### Data provided ###

lemma alpha_between:
  assumes "g \<ge> 2"
  shows "delta g / 2 < alpha g" "alpha g < delta g"
proof -
  have d: "0 < delta g" "delta g \<le> pi / 6"
    using delta_pos[OF assms] delta_le_pi_div_6[OF assms] by auto
  note bounds = sin_half_delta_bounds[OF assms] sin_le_one[of "delta g"]
  have "arcsin (sin (delta g / 2)) < alpha g"
    unfolding alpha_eq_arcsin using bounds by (intro arcsin_less_arcsin) linarith+
  then show "delta g / 2 < alpha g" using d by (simp add: arcsin_sin)
  have "alpha g < arcsin (sin (delta g))"
    unfolding alpha_eq_arcsin using bounds by (intro arcsin_less_arcsin) linarith+
  then show "alpha g < delta g" using d by (simp add: arcsin_sin)
qed

lemma sin_alpha: "g \<ge> 2 \<Longrightarrow> sin (alpha g) = sqrt 2 * sin (delta g / 2)"
  using sin_half_delta_bounds[of g] sin_le_one[of "delta g"] unfolding alpha_eq_arcsin
  by (intro sin_arcsin) linarith+

lemma cos_alpha_pos: "g \<ge> 2 \<Longrightarrow> 0 < cos (alpha g)"
  using alpha_between[of g] delta_pos[of g] delta_le_pi_div_6[of g] by (intro cos_gt_zero) auto

lemma cos_alpha_squared: "g \<ge> 2 \<Longrightarrow> (cos (alpha g))\<^sup>2 = cos (delta g)"
  using cos_double_sin[of "delta g / 2"] sin_alpha[of g]
  by (simp add: cos_squared_eq power_mult_distrib)

lemma kappa_gt_1: "g \<ge> 2 \<Longrightarrow> 1 < kappa g"
  using cos_alpha_pos[of g] alpha_between[of g] delta_pos[of g] delta_le_pi_div_6[of g]
    cos_monotone_0_pi[of 0 "alpha g"]
  by (simp add: kappa_def)

lemma tan_alpha_squared: "g \<ge> 2 \<Longrightarrow> (tan (alpha g))\<^sup>2 = (kappa g)\<^sup>2 - 1"
  using cos_alpha_pos[of g] sin_squared_eq[of "alpha g"]
  by (simp add: kappa_def tan_def field_simps power_divide)

definition omega :: "nat \<Rightarrow> complex" where
  "omega g = cis (delta g)"

definition parity_sign :: "int \<Rightarrow> complex" where
  "parity_sign m = (if odd m then -1 else 1)"

lemma parity_sign_squared: "(parity_sign m)\<^sup>2 = 1"
  by (simp add: parity_sign_def)

lemma cis_mult_cnj: "cis x * cnj (cis x) = 1"
  by (simp add: cis_cnj cis_mult)

lemma kappa_squared_omega:
  assumes g: "g \<ge> 2"
  shows "(complex_of_real (kappa g))\<^sup>2 * (omega g + cnj (omega g)) = 2"
proof -
  have "omega g + cnj (omega g) = complex_of_real (2 * cos (delta g))"
    by (simp add: omega_def cis_cnj complex_eq_iff)
  moreover have "(kappa g)\<^sup>2 * (2 * cos (delta g)) = 2"
    unfolding cos_alpha_squared[OF g, symmetric] using cos_alpha_pos[OF g]
    by (simp add: kappa_def power_divide)
  ultimately show ?thesis by (metis of_real_mult of_real_numeral of_real_power)
qed

lemma kappa_cis_alpha:
  assumes g: "g \<ge> 2"
  shows "complex_of_real (kappa g) * (cis (alpha g) + cnj (cis (alpha g))) = 2"
proof -
  have "cis (alpha g) + cnj (cis (alpha g)) = complex_of_real (2 * cos (alpha g))"
    by (simp add: cis_cnj complex_eq_iff)
  moreover have "kappa g * (2 * cos (alpha g)) = 2"
    using cos_alpha_pos[OF g] by (simp add: kappa_def)
  ultimately show ?thesis by (metis of_real_mult of_real_numeral)
qed

lemma mid_sigma:
  assumes "g \<ge> 2"
  shows "mid g (sigma g m) = (if odd m then pi + 2 * delta g else 2 * delta g) - mid g m"
proof -
  have "real_of_int (4 * int g - m) * delta g = real (4 * g) * delta g - real_of_int m * delta g"
    by (simp add: algebra_simps)
  then show ?thesis using four_g_mult_delta[OF assms] by (simp add: sigma_def mid_eq algebra_simps)
qed

lemma cis_mid_add_mid_sigma:
  assumes "g \<ge> 2"
  shows "cis (mid g m + mid g (sigma g m)) = parity_sign m * (omega g)\<^sup>2"
proof -
  have "(omega g)\<^sup>2 = cis (2 * delta g)" by (simp add: omega_def power2_eq_square cis_mult)
  moreover have "cis (pi + 2 * delta g) = - cis (2 * delta g)" by (simp flip: cis_mult)
  ultimately show ?thesis using mid_sigma[OF assms, of m] by (simp add: parity_sign_def)
qed

lemma cis_mid_sigma:
  assumes g: "g \<ge> 2"
  shows "cis (mid g (sigma g m)) = parity_sign m * (omega g)\<^sup>2 * cnj (cis (mid g m))"
proof -
  have "cis (mid g (sigma g m)) = cis (mid g m + mid g (sigma g m)) * cnj (cis (mid g m))"
    by (simp add: cis_cnj cis_mult)
  then show ?thesis using cis_mid_add_mid_sigma[OF g] by simp
qed

lemma ctr_eq: "ctr g m = complex_of_real (kappa g) * cis (mid g m)"
  by (simp add: ctr_def kappa_def)

lemma norm_ctr: "g \<ge> 2 \<Longrightarrow> norm (ctr g m) = kappa g"
  using kappa_gt_1[of g] by (simp add: ctr_eq norm_mult)

lemma unit_ne_ctr: "g \<ge> 2 \<Longrightarrow> norm z = 1 \<Longrightarrow> z \<noteq> ctr g m"
  using norm_ctr[of g m] kappa_gt_1[of g] by auto

lemma Tm_eq_mob:
  assumes g: "g \<ge> 2" and z: "z \<noteq> ctr g m"
  shows "Tm g m z = mob (parity_sign m * (omega g)\<^sup>2) (ctr g m) (cnj (ctr g m)) z"
proof -
  have "cnj (ctr g m) * ctr g m = complex_of_real ((kappa g)\<^sup>2)"
    by (simp add: ctr_eq cis_cnj cis_mult power2_eq_square)
  moreover have tan: "complex_of_real ((tan (alpha g))\<^sup>2) = complex_of_real ((kappa g)\<^sup>2) - 1"
    using tan_alpha_squared[OF g] by simp
  ultimately show ?thesis
    using z unfolding Tm_def mob_def cis_mid_add_mid_sigma[OF g] tan by (simp add: field_simps)
qed

lemma Tm_eq_mob_at:
  assumes "g \<ge> 2" "norm z = 1" "cis (mid g m) = C" "parity_sign m = E"
  shows "Tm g m z = mob (E * (omega g)\<^sup>2) (complex_of_real (kappa g) * C)
      (complex_of_real (kappa g) * cnj C) z"
    and "z - complex_of_real (kappa g) * C \<noteq> 0"
  using Tm_eq_mob[OF assms(1) unit_ne_ctr[OF assms(1,2)], of m] unit_ne_ctr[OF assms(1,2), of m]
    assms(3,4)
  by (simp_all add: ctr_eq)

lemma norm_Tm: "g \<ge> 2 \<Longrightarrow> norm z = 1 \<Longrightarrow> norm (Tm g m z) = 1"
  by (simp add: Tm_eq_mob unit_ne_ctr norm_mob norm_ctr kappa_gt_1 norm_mult
      cis_mid_add_mid_sigma[symmetric])

lemma Tm_mem_arc_open:
  assumes g: "g \<ge> 2" and unit: "norm a = 1" "norm z = 1" "norm b = 1"
    and z: "z \<in> arc_open a b"
  shows "Tm g m z \<in> arc_open (Tm g m a) (Tm g m b)"
  unfolding Tm_eq_mob[OF g unit_ne_ctr[OF g unit(1)]] Tm_eq_mob[OF g unit_ne_ctr[OF g unit(2)]]
    Tm_eq_mob[OF g unit_ne_ctr[OF g unit(3)]]
  by (rule mob_mem_arc_open[OF _ _ unit z])
    (simp_all add: norm_ctr[OF g] kappa_gt_1[OF g] norm_mult cis_mid_add_mid_sigma[OF g, symmetric])

lemma Tm_Qt:
  assumes g: "g \<ge> 2"
  shows "Tm g m (Qt g m) = Qt g (sigma g m + 2)"
proof -
  define u w c e K where "u = cis (mid g m)" and "w = omega g" and "c = cis (alpha g)"
    and "e = parity_sign m" and "K = complex_of_real (kappa g)"
  have Q: "Qt g m = u * cnj w * c"
    by (simp add: u_def w_def c_def Qt_def omega_def cis_cnj cis_mult mid_eq algebra_simps)
  have "Qt g (sigma g m + 2) = cis (mid g (sigma g m)) * w * c"
    by (simp add: Qt_def w_def c_def omega_def cis_mult mid_eq algebra_simps)
  then have Q': "Qt g (sigma g m + 2) = e * w ^ 3 * cnj u * c"
    unfolding cis_mid_sigma[OF g] by (simp add: u_def w_def e_def power_numeral_reduce)
  have T: "Tm g m (Qt g m) = mob (e * w\<^sup>2) (K * u) (K * cnj u) (Qt g m)" "Qt g m - K * u \<noteq> 0"
    using Tm_eq_mob_at[OF g _ u_def[symmetric] e_def[symmetric], of "Qt g m"]
    by (simp_all add: Qt_def w_def K_def)
  have "u * cnj u = 1" "w * cnj w = 1" "c * cnj c = 1" "K\<^sup>2 * (w + cnj w) = 2"
    "K * (c + cnj c) = 2" "e\<^sup>2 = 1"
    using kappa_squared_omega[OF g] kappa_cis_alpha[OF g] parity_sign_squared[of m]
    by (simp_all add: u_def w_def c_def e_def K_def omega_def cis_mult_cnj)
  with T(2) have "mob (e * w\<^sup>2) (K * u) (K * cnj u) (u * cnj w * c) = e * w ^ 3 * cnj u * c"
    unfolding mob_def Q by (simp add: divide_simps) algebra
  then show ?thesis using T(1) unfolding Q' Q by simp
qed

###

• _Action item_: Return the number of lines in the material holding the string "assms", and no other text.

• _Answer for this exercise_: 6